The first and best-remembered early unusual incident had happened when he was a few days past his fourth birthday. His parents had been working at their separate home terminals, safe in the knowledge that they would be free from interruptions, because each was sure that the other was watching out for him, and doubly sure in that he was unable to leave his room without being seen.

Normally there would not have been a problem, because he would have been busy at his own, scaled-down terminal with its garish paint job and the extra flashing lights, playing with the latest educational adventure game that had been his birthday present. But that day he was feeling restless and bored because the educational content of the game was getting in the way of the adventures, and the room’s high, open window was offering the promise of more enjoyable things to do in the garden.

His parents had made two further wrong assumptions: that he would not climb out of the window because he had never done so before; and that their garden, when eventually he grew bored with it, too, had a childproof fence.

Beyond the garden fence the world was a very exciting and, although he did not know it at the time, a dangerous place. The whole area had been devastated by a major battle in the civil war that had resulted when the planetary population had risen to overthrow an interstellar government that had fought and lost an interstellar war that the deliberately misguided population had never wanted, even though a great many of them had suffered and died to support it. A few of the ruined houses had been repaired and occupied by off-planet advisors and reconstruction specialists like his parents after the area had been sensor-scanned and any live ordnance or vehicle power packs removed. The broken and rusting remains had been left where they were. Like the ruined houses, they were being overrun by the wild vegetation that was the ultimate winner of every battle and, on this occasion, by one small boy.

He waded through the long grass that seemed to be everywhere, and wandered happily between the trees and bushes, climbed over broken sections of road paving, and explored one of the ruined buildings. Inside were small, furry animals that ran away from him, and one with a long, thick tail that climbed into the roof beams and scolded him until he went away. He was careful to avoid the occupied houses, because they might not contain people like himself. On the single occasion that his parents had taken him for a walk beyond the garden, they had told him that there were otherspecies families in the neighborhood, and that while they would not deliberately harm him, their young could do unpredictable and possibly dangerous things while playing with other-species children.
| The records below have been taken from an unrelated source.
text \<open>The map \<open>v \<mapsto> v - v M + (\<Sum>v) \<pi>\<close> is linear and injective: summing its entries recovers
  \<open>\<Sum>v\<close>, and an invariant vector of sum zero vanishes. Hence it is bounded below, and on
  vectors of sum zero it coincides with \<open>v \<mapsto> v - v M\<close>.\<close>
lemma sum_zero_le_invariance_defect:
  fixes M :: "'s::finite \<Rightarrow> 's \<Rightarrow> real"
  assumes sto: "stochastic M" and irr: "irreducible_mat M"
  obtains K where "K \<ge> 0" and "\<And>x i. (\<Sum>k\<in>UNIV. x k) = 0 \<Longrightarrow>
    \<bar>x i\<bar> \<le> K * (\<Sum>j\<in>UNIV. \<bar>x j - (\<Sum>k\<in>UNIV. x k * M k j)\<bar>)"
proof -
  have M_nonneg: "M i j \<ge> 0" and row_sum: "(\<Sum>j\<in>UNIV. M i j) = 1" for i j
    using sto unfolding stochastic_def by auto
  obtain \<pi> where st: "stationary M \<pi>"
    using stationary_exists[OF sto] .
  define T where
    "T v = (\<chi> j. v$j - (\<Sum>k\<in>UNIV. v$k * M k j) + (\<Sum>k\<in>UNIV. v$k) * \<pi> j)" for v :: "real^'s"
  have "linear T"
    by (rule linearI)
      (simp_all add: T_def vec_eq_iff sum.distrib algebra_simps flip: sum_distrib_left)
  moreover have "inj T"
    unfolding linear_inj_iff_eq_0[OF \<open>linear T\<close>]
  proof (intro allI impI)
    fix v assume T0: "T v = 0"
    have "(\<Sum>j\<in>UNIV. T v $ j) = (\<Sum>j\<in>UNIV. v$j) - (\<Sum>j\<in>UNIV. \<Sum>k\<in>UNIV. v$k * M k j)
        + (\<Sum>k\<in>UNIV. v$k) * (\<Sum>j\<in>UNIV. \<pi> j)"
      by (simp add: T_def sum.distrib sum_subtractf sum_distrib_left)
    also have "(\<Sum>j\<in>UNIV. \<Sum>k\<in>UNIV. v$k * M k j) = (\<Sum>k\<in>UNIV. v$k)"
      by (subst sum.swap) (simp add: row_sum flip: sum_distrib_left)
    finally have "0 = (\<Sum>k\<in>UNIV. v$k)"
      using st by (simp add: T0 stationary_def)
    then have sum_v: "(\<Sum>k\<in>UNIV. v$k) = 0" ..
    have "(\<Sum>k\<in>UNIV. v$k * M k j) = v$j" for j
    proof -
      have "T v $ j = 0"
        by (simp add: T0)
      then show ?thesis
        by (simp add: T_def sum_v)
    qed
    then have "v$i = (\<Sum>k\<in>UNIV. v$k) * \<pi> i" for i
      by (rule invariant_eq_sum_times_stationary[OF M_nonneg irr st])
    then have "v$i = 0" for i
      by (simp add: sum_v)
    then show "v = 0"
      by (simp add: vec_eq_iff)
  qed
  ultimately obtain B where B_pos: "B > 0" and B: "\<And>v. B * norm v \<le> norm (T v)"
    using linear_inj_bounded_below_pos by blast
  show thesis
  proof
    show "1 / B \<ge> 0"
      using B_pos by simp
    fix x :: "'s \<Rightarrow> real" and i assume sum_x: "(\<Sum>k\<in>UNIV. x k) = 0"
    have Tx: "T (vec_lambda x) $ j = x j - (\<Sum>k\<in>UNIV. x k * M k j)" for j
      by (simp add: T_def sum_x)
    have "B * \<bar>x i\<bar> \<le> B * norm (vec_lambda x)"
      using component_le_norm_cart[of "vec_lambda x" i] B_pos by simp
    also have "\<dots> \<le> norm (T (vec_lambda x))"
      by (rule B)
    also have "\<dots> \<le> (\<Sum>j\<in>UNIV. \<bar>x j - (\<Sum>k\<in>UNIV. x k * M k j)\<bar>)"
      using norm_le_l1_cart[of "T (vec_lambda x)"] by (simp add: Tx)
    finally show "\<bar>x i\<bar> \<le> 1 / B * (\<Sum>j\<in>UNIV. \<bar>x j - (\<Sum>k\<in>UNIV. x k * M k j)\<bar>)"
      using B_pos by (simp add: field_simps)
  qed
qed
lemma vanishes_on_mons_z_le1_iff:
  assumes f: "f \<in> homog_part n" and "n \<le> s"
  shows "(\<forall>\<nu>. mdeg \<nu> + n = s \<longrightarrow> (\<forall>m\<in>mons_z_le1 s. Poly_Mapping.lookup (monomial3 \<nu> * f) m = 0))
     \<longleftrightarrow> (\<forall>m\<in>mons_z_le1 n. Poly_Mapping.lookup (f :: 'k::field poly3) m = 0)"
proof
  assume all: "\<forall>\<nu>. mdeg \<nu> + n = s \<longrightarrow> (\<forall>m\<in>mons_z_le1 s. Poly_Mapping.lookup (monomial3 \<nu> * f) m = 0)"
  show "\<forall>m\<in>mons_z_le1 n. Poly_Mapping.lookup f m = 0"
  proof
    fix m assume m: "m \<in> mons_z_le1 n"
    obtain a b c where abc: "m = (a, b, c)" by (cases m)
    have "(a + (s - n), b, c) \<in> mons_z_le1 s"
      using m \<open>n \<le> s\<close> unfolding abc mons_z_le1_def deg_mons_def by auto
    then have "Poly_Mapping.lookup (monomial3 (s - n, 0, 0) * f) (a + (s - n), b, c) = 0"
      using all \<open>n \<le> s\<close> by simp
    then show "Poly_Mapping.lookup f m = 0"
      unfolding abc lookup_single_mult by simp
  qed
next
  assume vanish: "\<forall>m\<in>mons_z_le1 n. Poly_Mapping.lookup f m = 0"
  show "\<forall>\<nu>. mdeg \<nu> + n = s \<longrightarrow> (\<forall>m\<in>mons_z_le1 s. Poly_Mapping.lookup (monomial3 \<nu> * f) m = 0)"
  proof (intro allI impI ballI)
    fix \<nu> m assume \<nu>: "mdeg \<nu> + n = s" and m: "m \<in> mons_z_le1 s"
    obtain a b c where \<nu>_abc: "\<nu> = (a, b, c)" by (cases \<nu>)
    obtain x y z where m_xyz: "m = (x, y, z)" by (cases m)
    have "Poly_Mapping.lookup f (x - a, y - b, z - c) = 0" if "a \<le> x" "b \<le> y" "c \<le> z"
    proof (cases "mdeg (x - a, y - b, z - c) = n")
      case True
      then have "(x - a, y - b, z - c) \<in> mons_z_le1 n"
        using m unfolding m_xyz mons_z_le1_def deg_mons_def by auto
      then show ?thesis using vanish by blast
    next
      case False
      then have "(x - a, y - b, z - c) \<notin> Poly_Mapping.keys f"
        using f unfolding homog_part_def by blast
      then show ?thesis
        by (simp add: in_keys_iff)
    qed
    then show "Poly_Mapping.lookup (monomial3 \<nu> * f) m = 0"
      unfolding \<nu>_abc m_xyz lookup_single_mult by simp
  qed
qed

text \<open>The support of \<open>F\<close>; \<open>mons_z_le1 (d + 1)\<close> supplies the dual monomials with \<open>c \<le> 1\<close>.\<close>
definition witness_form :: "nat \<Rightarrow> mon3 set" where
  "witness_form d = {(0, 0, d + 1), (0, d - 1, 2), (d - 3, 1, 3)}"

definition witness_groups :: "nat \<Rightarrow> mon3 set set" where
  "witness_groups d = (\<lambda>m. {m}) ` mons_z_le1 (d + 1) \<union> {witness_form d}"

definition witness_ideal :: "nat \<Rightarrow> 'k::field poly3 set" where
  "witness_ideal d = ann_ideal (witness_groups d)"

lemma coeff_sum_witness_form:
  assumes "d \<ge> 3"
  shows "coeff_sum (witness_form d) f =
    Poly_Mapping.lookup f (0, 0, d + 1) + Poly_Mapping.lookup f (0, d - 1, 2) + Poly_Mapping.lookup f (d - 3, 1, 3)"
  using assms by (simp add: coeff_sum_def witness_form_def)

lemma witness_groups_deg_mons:
  assumes "d \<ge> 3" and "G \<in> witness_groups d"
  shows "G \<subseteq> deg_mons (d + 1)"
  using assms by (auto simp: witness_groups_def witness_form_def mons_z_le1_def deg_mons_def)

lemma witness_ideal_inter_homog_part:
  assumes "d \<ge> 3" and "n \<le> d + 1"
  shows "witness_ideal d \<inter> homog_part n =
    {f :: 'k::field poly3. f \<in> homog_part n \<and> (\<forall>m\<in>mons_z_le1 n. Poly_Mapping.lookup f m = 0) \<and>
      (\<forall>\<nu>. mdeg \<nu> + n = d + 1 \<longrightarrow> coeff_sum (witness_form d) (monomial3 \<nu> * f) = 0)}"
proof -
  have groups: "(\<forall>G\<in>witness_groups d. coeff_sum G g = 0) \<longleftrightarrow>
      (\<forall>m\<in>mons_z_le1 (d + 1). Poly_Mapping.lookup g m = 0) \<and> coeff_sum (witness_form d) g = 0"
    for g :: "'k poly3"
    unfolding witness_groups_def by auto
  have "(\<forall>\<nu>. mdeg \<nu> + n = d + 1 \<longrightarrow> (\<forall>G\<in>witness_groups d. coeff_sum G (monomial3 \<nu> * f) = 0))
    \<longleftrightarrow> (\<forall>m\<in>mons_z_le1 n. Poly_Mapping.lookup f m = 0) \<and>
      (\<forall>\<nu>. mdeg \<nu> + n = d + 1 \<longrightarrow> coeff_sum (witness_form d) (monomial3 \<nu> * f) = 0)"
    if "f \<in> homog_part n" for f :: "'k poly3"
    unfolding groups vanishes_on_mons_z_le1_iff[OF that assms(2), symmetric] by blast
  moreover have "witness_ideal d \<inter> homog_part n = {f :: 'k poly3. f \<in> homog_part n \<and>
      (\<forall>\<nu>. mdeg \<nu> + n = d + 1 \<longrightarrow> (\<forall>G\<in>witness_groups d. coeff_sum G (monomial3 \<nu> * f) = 0))}"
    unfolding witness_ideal_def
    by (rule ann_ideal_inter_homog_part) (rule witness_groups_deg_mons[OF assms(1)])
  ultimately show ?thesis
    by (simp only:) (intro Collect_cong, blast)
qed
There had been no need to remind him of the time when he was learning to swim in the communal pooi and a Melfan kid of his own age, thinking that he was an amphibian too, had pulled him to the bottom to play. Since then he had been scared of extraterrestrials, regardless of their shape, size, or age, and tried not to go anywhere near them.

But there were much better places to explore than other people’s gardens, which might have nasty, other-species kids playing in them. Everywhere he looked there were the scattered shapes of armored vehicles showing dark rust amid the sunlit greenery. Some of them looked as if they were not broken and were ready to move any minute; others were lying on their sides, and one had been knocked upside down. Most of them had their doors hanging open, and a few had holes in them that were bigger than the doors, but the edges were sharp and tore his shirt when he tried to crawl inside. He found one that had a gun barrel hanging low enough for him to swing on it. One of its tracks had come off and was lying along the ground like a narrow, rusting carpet with grass and flowers pushing through it. Small animals were hiding in some of the vehicles, but they ran away whenever he climbed in. One of them was filled with the sound of insects, and he knew that he might be stung if he tried to explore that one.